(Aim of the exercise) For each line below that holds "fixes", return the line as it stands.

━━━━━ Data supplied ━━━━━

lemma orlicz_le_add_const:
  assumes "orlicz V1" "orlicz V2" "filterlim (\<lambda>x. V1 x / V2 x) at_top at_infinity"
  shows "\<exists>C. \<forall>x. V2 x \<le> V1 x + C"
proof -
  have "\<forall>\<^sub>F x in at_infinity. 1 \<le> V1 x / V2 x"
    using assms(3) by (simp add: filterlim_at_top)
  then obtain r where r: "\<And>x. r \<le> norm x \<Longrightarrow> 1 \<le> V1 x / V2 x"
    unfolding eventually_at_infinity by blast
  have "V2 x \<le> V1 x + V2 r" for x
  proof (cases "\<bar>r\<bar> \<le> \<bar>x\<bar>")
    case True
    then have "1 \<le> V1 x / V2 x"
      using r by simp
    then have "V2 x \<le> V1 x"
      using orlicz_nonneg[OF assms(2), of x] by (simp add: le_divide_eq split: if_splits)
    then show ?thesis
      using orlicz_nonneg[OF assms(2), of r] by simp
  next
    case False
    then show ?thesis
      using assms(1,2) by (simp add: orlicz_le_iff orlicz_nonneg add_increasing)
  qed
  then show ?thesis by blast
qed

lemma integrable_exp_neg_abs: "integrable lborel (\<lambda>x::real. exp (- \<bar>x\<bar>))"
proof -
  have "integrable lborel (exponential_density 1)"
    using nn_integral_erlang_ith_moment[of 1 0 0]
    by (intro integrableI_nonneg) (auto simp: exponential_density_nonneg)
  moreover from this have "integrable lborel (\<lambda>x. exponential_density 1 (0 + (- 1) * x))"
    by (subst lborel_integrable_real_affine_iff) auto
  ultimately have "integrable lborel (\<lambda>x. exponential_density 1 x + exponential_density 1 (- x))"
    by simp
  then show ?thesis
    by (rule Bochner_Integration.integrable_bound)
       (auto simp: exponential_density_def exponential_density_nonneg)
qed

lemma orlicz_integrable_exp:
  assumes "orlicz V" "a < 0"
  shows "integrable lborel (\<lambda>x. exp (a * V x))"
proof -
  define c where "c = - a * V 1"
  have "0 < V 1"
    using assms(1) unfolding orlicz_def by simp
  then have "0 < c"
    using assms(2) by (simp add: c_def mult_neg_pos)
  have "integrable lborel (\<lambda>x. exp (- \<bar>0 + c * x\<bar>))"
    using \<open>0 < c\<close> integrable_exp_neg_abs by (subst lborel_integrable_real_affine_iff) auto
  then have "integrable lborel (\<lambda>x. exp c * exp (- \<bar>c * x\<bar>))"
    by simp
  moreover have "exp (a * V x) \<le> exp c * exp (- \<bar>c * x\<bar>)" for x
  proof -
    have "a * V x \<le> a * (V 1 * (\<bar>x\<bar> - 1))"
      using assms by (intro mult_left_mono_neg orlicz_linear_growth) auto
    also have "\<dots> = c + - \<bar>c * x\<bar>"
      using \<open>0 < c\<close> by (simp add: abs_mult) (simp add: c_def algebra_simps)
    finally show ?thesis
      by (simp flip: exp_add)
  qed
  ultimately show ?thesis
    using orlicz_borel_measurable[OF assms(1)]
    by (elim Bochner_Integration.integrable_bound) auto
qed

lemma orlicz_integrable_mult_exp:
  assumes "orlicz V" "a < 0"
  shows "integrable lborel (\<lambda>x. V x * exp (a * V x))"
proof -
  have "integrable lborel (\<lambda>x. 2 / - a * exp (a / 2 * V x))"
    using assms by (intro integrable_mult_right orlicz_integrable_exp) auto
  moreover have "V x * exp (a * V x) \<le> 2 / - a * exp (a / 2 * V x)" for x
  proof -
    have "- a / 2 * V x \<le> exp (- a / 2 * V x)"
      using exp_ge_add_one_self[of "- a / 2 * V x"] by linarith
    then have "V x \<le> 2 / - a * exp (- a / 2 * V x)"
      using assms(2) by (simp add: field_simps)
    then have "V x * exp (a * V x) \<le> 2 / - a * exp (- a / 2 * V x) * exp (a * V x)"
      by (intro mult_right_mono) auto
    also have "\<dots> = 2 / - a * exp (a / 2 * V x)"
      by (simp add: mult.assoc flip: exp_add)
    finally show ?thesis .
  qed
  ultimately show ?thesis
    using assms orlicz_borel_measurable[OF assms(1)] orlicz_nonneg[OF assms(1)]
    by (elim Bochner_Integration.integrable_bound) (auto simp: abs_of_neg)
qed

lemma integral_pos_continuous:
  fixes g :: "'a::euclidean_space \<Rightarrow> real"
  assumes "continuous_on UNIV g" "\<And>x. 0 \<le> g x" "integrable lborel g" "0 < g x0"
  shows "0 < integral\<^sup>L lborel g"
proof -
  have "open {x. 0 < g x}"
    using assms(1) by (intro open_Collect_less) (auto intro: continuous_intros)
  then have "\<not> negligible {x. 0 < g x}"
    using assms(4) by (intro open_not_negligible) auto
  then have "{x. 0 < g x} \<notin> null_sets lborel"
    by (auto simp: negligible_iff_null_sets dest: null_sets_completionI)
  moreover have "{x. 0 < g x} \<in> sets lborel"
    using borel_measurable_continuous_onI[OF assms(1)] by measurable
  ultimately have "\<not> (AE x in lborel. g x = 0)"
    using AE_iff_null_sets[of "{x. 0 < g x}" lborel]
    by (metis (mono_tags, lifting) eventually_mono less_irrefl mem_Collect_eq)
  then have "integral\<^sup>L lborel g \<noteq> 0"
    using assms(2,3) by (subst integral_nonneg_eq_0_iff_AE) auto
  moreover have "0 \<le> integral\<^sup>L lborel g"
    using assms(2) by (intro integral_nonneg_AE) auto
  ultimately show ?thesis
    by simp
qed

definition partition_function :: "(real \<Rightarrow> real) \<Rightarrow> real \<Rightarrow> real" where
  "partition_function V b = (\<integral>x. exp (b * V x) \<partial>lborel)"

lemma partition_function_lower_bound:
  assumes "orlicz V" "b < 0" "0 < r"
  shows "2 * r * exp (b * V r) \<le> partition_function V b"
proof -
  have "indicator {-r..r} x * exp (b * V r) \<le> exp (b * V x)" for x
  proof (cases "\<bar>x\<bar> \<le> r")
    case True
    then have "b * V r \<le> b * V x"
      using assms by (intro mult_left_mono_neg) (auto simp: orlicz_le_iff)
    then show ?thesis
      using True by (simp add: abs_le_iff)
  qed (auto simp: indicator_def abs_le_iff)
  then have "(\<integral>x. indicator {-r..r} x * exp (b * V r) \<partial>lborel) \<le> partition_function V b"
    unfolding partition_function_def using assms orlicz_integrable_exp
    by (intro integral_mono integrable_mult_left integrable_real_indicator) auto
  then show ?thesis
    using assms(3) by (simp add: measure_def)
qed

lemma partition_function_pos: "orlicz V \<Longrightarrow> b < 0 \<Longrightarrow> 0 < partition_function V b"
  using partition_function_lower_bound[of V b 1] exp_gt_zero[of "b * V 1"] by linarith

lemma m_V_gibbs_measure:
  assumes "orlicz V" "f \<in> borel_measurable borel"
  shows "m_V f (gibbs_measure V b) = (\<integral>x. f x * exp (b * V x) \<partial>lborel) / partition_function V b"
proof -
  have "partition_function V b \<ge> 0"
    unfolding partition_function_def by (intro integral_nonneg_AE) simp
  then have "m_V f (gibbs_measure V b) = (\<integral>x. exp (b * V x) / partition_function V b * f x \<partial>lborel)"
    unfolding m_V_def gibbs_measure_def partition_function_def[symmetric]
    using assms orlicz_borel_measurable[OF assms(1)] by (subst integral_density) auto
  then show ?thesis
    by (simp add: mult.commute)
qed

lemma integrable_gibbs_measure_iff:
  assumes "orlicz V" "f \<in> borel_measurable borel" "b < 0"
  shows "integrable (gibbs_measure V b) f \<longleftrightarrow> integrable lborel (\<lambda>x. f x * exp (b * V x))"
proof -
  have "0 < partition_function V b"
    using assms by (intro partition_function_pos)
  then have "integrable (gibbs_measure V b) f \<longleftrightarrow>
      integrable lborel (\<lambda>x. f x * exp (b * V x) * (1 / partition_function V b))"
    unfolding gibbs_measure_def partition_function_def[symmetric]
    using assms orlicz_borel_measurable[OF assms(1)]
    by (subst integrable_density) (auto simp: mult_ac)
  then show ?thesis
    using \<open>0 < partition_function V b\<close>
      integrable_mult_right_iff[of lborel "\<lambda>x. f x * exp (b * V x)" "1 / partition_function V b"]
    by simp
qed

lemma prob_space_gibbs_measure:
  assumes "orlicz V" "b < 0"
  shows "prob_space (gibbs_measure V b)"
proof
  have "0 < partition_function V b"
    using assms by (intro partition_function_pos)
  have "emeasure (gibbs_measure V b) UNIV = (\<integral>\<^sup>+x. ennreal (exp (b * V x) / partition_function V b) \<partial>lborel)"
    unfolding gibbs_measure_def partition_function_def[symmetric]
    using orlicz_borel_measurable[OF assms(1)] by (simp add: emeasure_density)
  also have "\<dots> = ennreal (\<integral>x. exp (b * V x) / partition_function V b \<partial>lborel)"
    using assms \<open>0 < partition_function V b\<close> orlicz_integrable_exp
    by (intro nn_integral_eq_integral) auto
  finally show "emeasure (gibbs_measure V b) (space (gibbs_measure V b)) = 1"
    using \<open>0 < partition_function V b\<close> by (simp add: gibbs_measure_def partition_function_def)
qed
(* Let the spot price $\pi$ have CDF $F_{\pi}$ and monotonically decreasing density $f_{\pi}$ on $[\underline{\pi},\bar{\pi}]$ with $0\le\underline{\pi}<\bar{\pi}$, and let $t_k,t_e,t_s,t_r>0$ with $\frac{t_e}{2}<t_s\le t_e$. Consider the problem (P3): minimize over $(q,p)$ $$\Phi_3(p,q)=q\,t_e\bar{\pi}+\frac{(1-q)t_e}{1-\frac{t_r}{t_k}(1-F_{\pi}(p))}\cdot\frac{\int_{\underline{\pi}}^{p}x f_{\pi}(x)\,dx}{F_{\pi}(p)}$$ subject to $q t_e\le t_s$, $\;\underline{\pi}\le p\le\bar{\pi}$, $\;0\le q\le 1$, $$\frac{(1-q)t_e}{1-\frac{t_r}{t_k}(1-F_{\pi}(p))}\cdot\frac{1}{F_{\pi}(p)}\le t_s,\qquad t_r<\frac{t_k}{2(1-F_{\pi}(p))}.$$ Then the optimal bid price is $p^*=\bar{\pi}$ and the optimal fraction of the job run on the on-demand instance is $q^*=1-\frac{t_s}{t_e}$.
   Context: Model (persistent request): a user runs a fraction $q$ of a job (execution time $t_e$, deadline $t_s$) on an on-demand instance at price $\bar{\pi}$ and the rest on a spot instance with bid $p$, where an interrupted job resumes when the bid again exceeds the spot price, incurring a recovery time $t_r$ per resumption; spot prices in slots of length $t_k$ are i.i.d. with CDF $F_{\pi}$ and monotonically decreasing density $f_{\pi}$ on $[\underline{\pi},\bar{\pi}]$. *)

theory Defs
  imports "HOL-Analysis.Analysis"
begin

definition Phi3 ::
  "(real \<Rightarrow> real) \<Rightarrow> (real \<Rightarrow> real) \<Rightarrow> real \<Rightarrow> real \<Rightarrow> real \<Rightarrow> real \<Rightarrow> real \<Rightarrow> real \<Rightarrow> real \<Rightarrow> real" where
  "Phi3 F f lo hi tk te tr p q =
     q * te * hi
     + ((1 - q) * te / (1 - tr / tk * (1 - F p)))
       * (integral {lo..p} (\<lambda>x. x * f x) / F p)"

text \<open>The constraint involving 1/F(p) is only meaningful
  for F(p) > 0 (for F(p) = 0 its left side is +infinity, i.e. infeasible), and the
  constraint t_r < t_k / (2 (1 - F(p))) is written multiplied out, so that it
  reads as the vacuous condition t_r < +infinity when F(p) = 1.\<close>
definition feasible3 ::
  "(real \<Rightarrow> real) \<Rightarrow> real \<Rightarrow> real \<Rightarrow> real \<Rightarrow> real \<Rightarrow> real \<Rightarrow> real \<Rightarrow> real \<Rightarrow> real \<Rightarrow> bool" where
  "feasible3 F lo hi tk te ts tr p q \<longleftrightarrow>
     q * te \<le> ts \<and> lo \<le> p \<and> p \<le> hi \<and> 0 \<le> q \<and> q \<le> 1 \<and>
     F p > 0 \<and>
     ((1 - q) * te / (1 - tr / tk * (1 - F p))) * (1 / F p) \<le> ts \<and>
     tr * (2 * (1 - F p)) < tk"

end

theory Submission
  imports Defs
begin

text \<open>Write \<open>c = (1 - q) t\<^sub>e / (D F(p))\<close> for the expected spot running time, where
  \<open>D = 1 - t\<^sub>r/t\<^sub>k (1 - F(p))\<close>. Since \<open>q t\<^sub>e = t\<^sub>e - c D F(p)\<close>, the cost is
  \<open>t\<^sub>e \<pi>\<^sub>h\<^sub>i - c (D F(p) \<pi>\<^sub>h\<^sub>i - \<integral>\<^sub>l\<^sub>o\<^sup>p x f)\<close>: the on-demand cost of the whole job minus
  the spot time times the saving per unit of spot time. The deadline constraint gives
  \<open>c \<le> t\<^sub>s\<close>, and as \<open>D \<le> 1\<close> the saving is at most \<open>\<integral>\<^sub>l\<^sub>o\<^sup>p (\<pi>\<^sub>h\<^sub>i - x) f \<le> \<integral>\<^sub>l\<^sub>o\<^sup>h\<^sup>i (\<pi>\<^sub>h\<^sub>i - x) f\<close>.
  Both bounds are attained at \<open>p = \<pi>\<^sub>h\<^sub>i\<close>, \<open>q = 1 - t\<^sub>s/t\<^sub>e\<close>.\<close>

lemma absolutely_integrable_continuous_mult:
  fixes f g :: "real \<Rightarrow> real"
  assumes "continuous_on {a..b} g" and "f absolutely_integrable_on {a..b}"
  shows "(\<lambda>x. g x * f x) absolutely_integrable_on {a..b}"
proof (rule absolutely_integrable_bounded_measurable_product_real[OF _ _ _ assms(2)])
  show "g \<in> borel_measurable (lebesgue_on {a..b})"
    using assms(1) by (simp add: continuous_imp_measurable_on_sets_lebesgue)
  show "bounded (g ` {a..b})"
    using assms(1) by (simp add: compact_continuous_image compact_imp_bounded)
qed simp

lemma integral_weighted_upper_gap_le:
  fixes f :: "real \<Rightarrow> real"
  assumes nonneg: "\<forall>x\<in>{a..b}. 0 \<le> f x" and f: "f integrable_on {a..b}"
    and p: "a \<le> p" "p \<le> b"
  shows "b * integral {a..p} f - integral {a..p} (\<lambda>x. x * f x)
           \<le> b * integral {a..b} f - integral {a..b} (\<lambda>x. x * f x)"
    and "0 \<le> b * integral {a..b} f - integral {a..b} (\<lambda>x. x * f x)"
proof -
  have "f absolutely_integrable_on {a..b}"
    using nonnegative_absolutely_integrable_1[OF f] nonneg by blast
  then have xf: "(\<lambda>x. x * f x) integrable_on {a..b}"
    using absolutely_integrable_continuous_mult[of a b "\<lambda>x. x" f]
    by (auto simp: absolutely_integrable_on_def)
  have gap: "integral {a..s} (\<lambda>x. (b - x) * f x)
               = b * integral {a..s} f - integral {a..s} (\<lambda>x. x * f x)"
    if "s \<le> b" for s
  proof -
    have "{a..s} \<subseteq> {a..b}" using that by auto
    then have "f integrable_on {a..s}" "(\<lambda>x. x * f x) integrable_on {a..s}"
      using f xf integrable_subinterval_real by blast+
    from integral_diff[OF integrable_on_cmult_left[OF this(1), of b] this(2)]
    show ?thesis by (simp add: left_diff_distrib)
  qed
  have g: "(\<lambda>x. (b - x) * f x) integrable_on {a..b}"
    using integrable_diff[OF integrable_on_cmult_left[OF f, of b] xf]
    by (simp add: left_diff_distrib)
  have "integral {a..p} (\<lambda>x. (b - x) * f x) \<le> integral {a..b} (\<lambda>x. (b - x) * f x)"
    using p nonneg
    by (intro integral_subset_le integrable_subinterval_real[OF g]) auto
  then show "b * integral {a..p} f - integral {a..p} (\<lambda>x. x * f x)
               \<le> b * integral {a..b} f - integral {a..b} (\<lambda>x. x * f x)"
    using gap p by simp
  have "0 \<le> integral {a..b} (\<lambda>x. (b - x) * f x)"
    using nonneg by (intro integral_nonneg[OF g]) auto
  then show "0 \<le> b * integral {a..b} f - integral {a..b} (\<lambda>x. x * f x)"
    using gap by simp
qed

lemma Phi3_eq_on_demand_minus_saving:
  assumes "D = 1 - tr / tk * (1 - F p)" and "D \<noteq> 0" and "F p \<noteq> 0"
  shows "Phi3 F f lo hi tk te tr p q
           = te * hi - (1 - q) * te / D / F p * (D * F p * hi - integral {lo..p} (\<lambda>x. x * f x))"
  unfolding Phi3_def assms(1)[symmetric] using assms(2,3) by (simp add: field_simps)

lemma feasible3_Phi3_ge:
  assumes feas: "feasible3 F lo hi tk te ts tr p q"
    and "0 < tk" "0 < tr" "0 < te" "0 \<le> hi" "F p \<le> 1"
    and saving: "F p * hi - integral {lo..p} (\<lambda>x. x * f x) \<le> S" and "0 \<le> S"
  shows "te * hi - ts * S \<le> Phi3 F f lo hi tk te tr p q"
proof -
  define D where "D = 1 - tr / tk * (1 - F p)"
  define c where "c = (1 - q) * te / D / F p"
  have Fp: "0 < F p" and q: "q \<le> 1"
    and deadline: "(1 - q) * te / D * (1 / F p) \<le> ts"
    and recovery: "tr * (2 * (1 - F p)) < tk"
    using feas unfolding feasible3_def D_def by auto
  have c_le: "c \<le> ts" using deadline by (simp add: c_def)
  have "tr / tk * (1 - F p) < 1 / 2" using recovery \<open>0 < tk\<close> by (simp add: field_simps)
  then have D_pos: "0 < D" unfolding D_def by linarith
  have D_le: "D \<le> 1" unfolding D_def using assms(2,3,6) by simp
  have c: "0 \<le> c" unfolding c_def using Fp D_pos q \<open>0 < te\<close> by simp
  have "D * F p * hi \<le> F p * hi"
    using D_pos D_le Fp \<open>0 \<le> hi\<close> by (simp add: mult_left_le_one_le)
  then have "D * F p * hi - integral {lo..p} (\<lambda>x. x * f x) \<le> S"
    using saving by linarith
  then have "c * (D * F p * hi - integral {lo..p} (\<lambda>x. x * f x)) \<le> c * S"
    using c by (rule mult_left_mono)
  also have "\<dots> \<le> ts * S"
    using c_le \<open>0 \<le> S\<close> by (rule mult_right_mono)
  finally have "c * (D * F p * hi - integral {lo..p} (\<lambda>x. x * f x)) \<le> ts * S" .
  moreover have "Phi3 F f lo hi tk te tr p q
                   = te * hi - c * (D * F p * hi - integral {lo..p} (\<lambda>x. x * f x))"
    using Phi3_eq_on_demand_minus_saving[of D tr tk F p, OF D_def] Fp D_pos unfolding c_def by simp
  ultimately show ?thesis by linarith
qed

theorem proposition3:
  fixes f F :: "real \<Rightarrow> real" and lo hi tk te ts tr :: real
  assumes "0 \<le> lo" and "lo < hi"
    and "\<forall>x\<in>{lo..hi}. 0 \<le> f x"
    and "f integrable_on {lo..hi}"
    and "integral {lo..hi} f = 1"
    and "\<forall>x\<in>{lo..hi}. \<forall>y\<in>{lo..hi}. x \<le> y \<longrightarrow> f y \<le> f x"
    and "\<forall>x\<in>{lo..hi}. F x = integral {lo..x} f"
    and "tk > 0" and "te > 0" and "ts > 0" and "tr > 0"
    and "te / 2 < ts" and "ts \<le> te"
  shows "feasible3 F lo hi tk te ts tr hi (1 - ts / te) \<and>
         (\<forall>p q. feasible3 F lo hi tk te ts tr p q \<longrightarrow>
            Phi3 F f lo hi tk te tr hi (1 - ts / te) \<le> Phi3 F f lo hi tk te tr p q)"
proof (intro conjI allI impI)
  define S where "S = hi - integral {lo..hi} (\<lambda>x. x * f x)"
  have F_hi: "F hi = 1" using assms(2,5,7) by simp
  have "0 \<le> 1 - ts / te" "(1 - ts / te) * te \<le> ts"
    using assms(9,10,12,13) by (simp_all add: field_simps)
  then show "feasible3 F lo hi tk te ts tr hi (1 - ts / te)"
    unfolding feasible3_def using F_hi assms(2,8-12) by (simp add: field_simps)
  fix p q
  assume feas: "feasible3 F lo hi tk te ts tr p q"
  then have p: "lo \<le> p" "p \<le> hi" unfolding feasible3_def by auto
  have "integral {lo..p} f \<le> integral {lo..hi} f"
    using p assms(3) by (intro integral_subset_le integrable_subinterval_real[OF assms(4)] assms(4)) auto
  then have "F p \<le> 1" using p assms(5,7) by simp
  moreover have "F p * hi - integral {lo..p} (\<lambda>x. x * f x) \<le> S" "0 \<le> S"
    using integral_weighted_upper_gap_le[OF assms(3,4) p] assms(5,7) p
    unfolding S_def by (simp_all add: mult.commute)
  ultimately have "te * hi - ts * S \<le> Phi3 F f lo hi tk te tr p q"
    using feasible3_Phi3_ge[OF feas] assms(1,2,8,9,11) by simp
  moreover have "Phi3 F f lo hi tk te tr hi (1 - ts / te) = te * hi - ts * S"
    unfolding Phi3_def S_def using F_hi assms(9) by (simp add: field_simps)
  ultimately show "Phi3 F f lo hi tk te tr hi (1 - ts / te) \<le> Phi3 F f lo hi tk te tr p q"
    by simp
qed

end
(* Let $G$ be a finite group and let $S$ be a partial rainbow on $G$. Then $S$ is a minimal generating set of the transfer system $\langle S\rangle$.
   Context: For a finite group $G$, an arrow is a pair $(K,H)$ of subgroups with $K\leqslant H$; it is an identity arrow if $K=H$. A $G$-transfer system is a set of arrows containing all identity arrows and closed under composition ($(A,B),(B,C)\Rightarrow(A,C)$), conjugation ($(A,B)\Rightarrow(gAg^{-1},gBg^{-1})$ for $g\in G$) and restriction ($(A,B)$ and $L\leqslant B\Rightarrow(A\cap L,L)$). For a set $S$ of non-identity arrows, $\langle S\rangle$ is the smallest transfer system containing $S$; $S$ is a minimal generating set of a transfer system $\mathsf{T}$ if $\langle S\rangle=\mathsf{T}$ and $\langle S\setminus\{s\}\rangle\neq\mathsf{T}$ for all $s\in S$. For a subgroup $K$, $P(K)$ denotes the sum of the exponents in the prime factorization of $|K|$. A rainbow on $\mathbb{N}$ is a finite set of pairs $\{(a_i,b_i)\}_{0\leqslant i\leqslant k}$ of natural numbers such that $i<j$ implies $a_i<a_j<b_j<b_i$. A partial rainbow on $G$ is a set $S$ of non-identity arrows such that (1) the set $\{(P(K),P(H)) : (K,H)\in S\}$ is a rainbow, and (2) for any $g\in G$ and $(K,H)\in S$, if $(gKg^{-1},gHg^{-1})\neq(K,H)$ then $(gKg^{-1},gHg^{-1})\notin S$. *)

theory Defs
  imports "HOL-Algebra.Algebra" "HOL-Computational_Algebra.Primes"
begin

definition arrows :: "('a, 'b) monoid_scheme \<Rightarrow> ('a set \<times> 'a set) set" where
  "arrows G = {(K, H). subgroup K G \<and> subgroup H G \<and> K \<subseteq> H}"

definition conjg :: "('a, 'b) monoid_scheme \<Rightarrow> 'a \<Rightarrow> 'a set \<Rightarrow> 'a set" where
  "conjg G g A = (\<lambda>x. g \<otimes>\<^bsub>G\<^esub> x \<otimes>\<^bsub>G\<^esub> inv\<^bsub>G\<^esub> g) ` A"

━━━━━

(Exercise answer)
  fixes g :: "'a::euclidean_space \<Rightarrow> real"
  fixes f g :: "real \<Rightarrow> real"
  fixes f :: "real \<Rightarrow> real"
  fixes f F :: "real \<Rightarrow> real" and lo hi tk te ts tr :: real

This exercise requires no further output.